- _WORK ORDER_
Return the records that follow, unchanged and complete.

★ ★ ★ ★ ★

(* Let $X$ be a finite $n$-dimensional simplicial complex and $0\le k\le n-1$. There exists a $k$-cone function (with some apex) if and only if $\widetilde H_j(X)=\widetilde H^j(X)=0$ for every $0\le j\le k$.
   Context: $X(-1)=\{\emptyset\}$. Over $\mathbb{F}_2$: $C_j(X)$ has basis $X(j)$, $\partial_j\sigma=\sum_{\tau\subset\sigma,|\tau|=|\sigma|-1}\tau$ (so $\partial_0\{u\}=\emptyset$); $\widetilde H_j(X)=\ker\partial_j/\operatorname{Im}\partial_{j+1}$, and $\widetilde H^j(X)$ is the corresponding (reduced) cohomology with $\mathbb{F}_2$ coefficients. Cone function: a $(-1)$-cone function with apex $v$ maps $\emptyset\mapsto\{v\}$; for $k\ge0$, a $k$-cone function with apex $v$ is a linear map $\operatorname{Cone}^v_k:\bigoplus_{j=-1}^kC_j\to\bigoplus_{j=-1}^kC_{j+1}$ (sending $C_j$ into $C_{j+1}$) whose restriction to $\bigoplus_{j=-1}^{k-1}C_j$ is a $(k-1)$-cone function with apex $v$, and with $\partial_{k+1}\operatorname{Cone}^v_k(A)=A+\operatorname{Cone}^v_k(\partial_kA)$ for all $A\in C_k$. *)

theory Defs
  imports Main
begin

text \<open>Finite abstract simplicial complex: a finite family of (finite) vertex sets,
  closed under taking subsets, and containing the empty face (so that X(-1) = {empty}).\<close>
definition simplicial_complex :: "'a set set \<Rightarrow> bool" where
  "simplicial_complex X \<longleftrightarrow> {} \<in> X \<and> (\<forall>\<sigma>\<in>X. finite \<sigma> \<and> (\<forall>\<tau>. \<tau> \<subseteq> \<sigma> \<longrightarrow> \<tau> \<in> X))"

definition faces :: "'a set set \<Rightarrow> int \<Rightarrow> 'a set set" where
  "faces X j = {\<sigma> \<in> X. int (card \<sigma>) = j + 1}"

definition has_dim :: "'a set set \<Rightarrow> nat \<Rightarrow> bool" where
  "has_dim X n \<longleftrightarrow> (\<exists>\<sigma>\<in>X. card \<sigma> = n + 1) \<and> (\<forall>\<sigma>\<in>X. card \<sigma> \<le> n + 1)"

★ ★ ★ ★ ★

- _RESULT OF THE EXERCISE_
(* Let $X$ be a finite $n$-dimensional simplicial complex and $0\le k\le n-1$. There exists a $k$-cone function (with some apex) if and only if $\widetilde H_j(X)=\widetilde H^j(X)=0$ for every $0\le j\le k$.
   Context: $X(-1)=\{\emptyset\}$. Over $\mathbb{F}_2$: $C_j(X)$ has basis $X(j)$, $\partial_j\sigma=\sum_{\tau\subset\sigma,|\tau|=|\sigma|-1}\tau$ (so $\partial_0\{u\}=\emptyset$); $\widetilde H_j(X)=\ker\partial_j/\operatorname{Im}\partial_{j+1}$, and $\widetilde H^j(X)$ is the corresponding (reduced) cohomology with $\mathbb{F}_2$ coefficients. Cone function: a $(-1)$-cone function with apex $v$ maps $\emptyset\mapsto\{v\}$; for $k\ge0$, a $k$-cone function with apex $v$ is a linear map $\operatorname{Cone}^v_k:\bigoplus_{j=-1}^kC_j\to\bigoplus_{j=-1}^kC_{j+1}$ (sending $C_j$ into $C_{j+1}$) whose restriction to $\bigoplus_{j=-1}^{k-1}C_j$ is a $(k-1)$-cone function with apex $v$, and with $\partial_{k+1}\operatorname{Cone}^v_k(A)=A+\operatorname{Cone}^v_k(\partial_kA)$ for all $A\in C_k$. *)

theory Defs
  imports Main
begin

text \<open>Finite abstract simplicial complex: a finite family of (finite) vertex sets,
  closed under taking subsets, and containing the empty face (so that X(-1) = {empty}).\<close>
definition simplicial_complex :: "'a set set \<Rightarrow> bool" where
  "simplicial_complex X \<longleftrightarrow> {} \<in> X \<and> (\<forall>\<sigma>\<in>X. finite \<sigma> \<and> (\<forall>\<tau>. \<tau> \<subseteq> \<sigma> \<longrightarrow> \<tau> \<in> X))"

definition faces :: "'a set set \<Rightarrow> int \<Rightarrow> 'a set set" where
  "faces X j = {\<sigma> \<in> X. int (card \<sigma>) = j + 1}"

definition has_dim :: "'a set set \<Rightarrow> nat \<Rightarrow> bool" where
  "has_dim X n \<longleftrightarrow> (\<exists>\<sigma>\<in>X. card \<sigma> = n + 1) \<and> (\<forall>\<sigma>\<in>X. card \<sigma> \<le> n + 1)"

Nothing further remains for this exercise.